● **What to work on**
Print the data below exactly as it appears.

Dataset items
--------------------------------
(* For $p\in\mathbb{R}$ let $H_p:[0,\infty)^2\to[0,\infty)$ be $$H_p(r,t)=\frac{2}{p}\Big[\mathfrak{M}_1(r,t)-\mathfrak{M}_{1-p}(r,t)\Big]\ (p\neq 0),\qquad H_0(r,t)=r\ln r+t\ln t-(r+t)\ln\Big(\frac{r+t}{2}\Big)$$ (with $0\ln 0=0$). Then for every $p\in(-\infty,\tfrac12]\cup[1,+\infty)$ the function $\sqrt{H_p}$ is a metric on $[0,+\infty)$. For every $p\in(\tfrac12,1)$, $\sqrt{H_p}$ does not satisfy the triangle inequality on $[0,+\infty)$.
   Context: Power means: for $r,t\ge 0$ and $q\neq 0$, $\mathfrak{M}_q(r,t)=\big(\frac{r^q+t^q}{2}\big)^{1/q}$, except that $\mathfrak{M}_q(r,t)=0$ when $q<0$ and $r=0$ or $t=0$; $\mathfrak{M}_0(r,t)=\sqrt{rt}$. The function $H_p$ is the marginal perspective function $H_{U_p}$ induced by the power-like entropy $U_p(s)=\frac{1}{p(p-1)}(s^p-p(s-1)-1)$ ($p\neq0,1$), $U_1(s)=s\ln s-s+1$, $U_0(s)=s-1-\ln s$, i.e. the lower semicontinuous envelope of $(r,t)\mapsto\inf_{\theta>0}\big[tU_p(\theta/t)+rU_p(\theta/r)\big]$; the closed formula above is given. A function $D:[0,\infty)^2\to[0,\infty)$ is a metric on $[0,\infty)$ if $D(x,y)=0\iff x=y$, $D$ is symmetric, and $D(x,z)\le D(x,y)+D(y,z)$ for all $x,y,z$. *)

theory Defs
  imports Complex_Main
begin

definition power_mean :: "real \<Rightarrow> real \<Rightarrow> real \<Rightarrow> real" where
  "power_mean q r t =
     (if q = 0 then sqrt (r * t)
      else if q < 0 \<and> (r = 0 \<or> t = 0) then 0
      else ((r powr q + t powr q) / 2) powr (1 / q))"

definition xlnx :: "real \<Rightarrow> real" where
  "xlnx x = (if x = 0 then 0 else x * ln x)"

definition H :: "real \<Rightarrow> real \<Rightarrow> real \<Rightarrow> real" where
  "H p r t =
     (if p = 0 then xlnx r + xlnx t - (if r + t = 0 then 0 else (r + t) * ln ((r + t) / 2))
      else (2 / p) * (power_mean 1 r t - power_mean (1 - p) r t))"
--------------------------------
● **Answer to this task**
(* For $p\in\mathbb{R}$ let $H_p:[0,\infty)^2\to[0,\infty)$ be $$H_p(r,t)=\frac{2}{p}\Big[\mathfrak{M}_1(r,t)-\mathfrak{M}_{1-p}(r,t)\Big]\ (p\neq 0),\qquad H_0(r,t)=r\ln r+t\ln t-(r+t)\ln\Big(\frac{r+t}{2}\Big)$$ (with $0\ln 0=0$). Then for every $p\in(-\infty,\tfrac12]\cup[1,+\infty)$ the function $\sqrt{H_p}$ is a metric on $[0,+\infty)$. For every $p\in(\tfrac12,1)$, $\sqrt{H_p}$ does not satisfy the triangle inequality on $[0,+\infty)$.
   Context: Power means: for $r,t\ge 0$ and $q\neq 0$, $\mathfrak{M}_q(r,t)=\big(\frac{r^q+t^q}{2}\big)^{1/q}$, except that $\mathfrak{M}_q(r,t)=0$ when $q<0$ and $r=0$ or $t=0$; $\mathfrak{M}_0(r,t)=\sqrt{rt}$. The function $H_p$ is the marginal perspective function $H_{U_p}$ induced by the power-like entropy $U_p(s)=\frac{1}{p(p-1)}(s^p-p(s-1)-1)$ ($p\neq0,1$), $U_1(s)=s\ln s-s+1$, $U_0(s)=s-1-\ln s$, i.e. the lower semicontinuous envelope of $(r,t)\mapsto\inf_{\theta>0}\big[tU_p(\theta/t)+rU_p(\theta/r)\big]$; the closed formula above is given. A function $D:[0,\infty)^2\to[0,\infty)$ is a metric on $[0,\infty)$ if $D(x,y)=0\iff x=y$, $D$ is symmetric, and $D(x,z)\le D(x,y)+D(y,z)$ for all $x,y,z$. *)

theory Defs
  imports Complex_Main
begin

definition power_mean :: "real \<Rightarrow> real \<Rightarrow> real \<Rightarrow> real" where
  "power_mean q r t =
     (if q = 0 then sqrt (r * t)
      else if q < 0 \<and> (r = 0 \<or> t = 0) then 0
      else ((r powr q + t powr q) / 2) powr (1 / q))"

definition xlnx :: "real \<Rightarrow> real" where
  "xlnx x = (if x = 0 then 0 else x * ln x)"

definition H :: "real \<Rightarrow> real \<Rightarrow> real \<Rightarrow> real" where
  "H p r t =
     (if p = 0 then xlnx r + xlnx t - (if r + t = 0 then 0 else (r + t) * ln ((r + t) / 2))
      else (2 / p) * (power_mean 1 r t - power_mean (1 - p) r t))"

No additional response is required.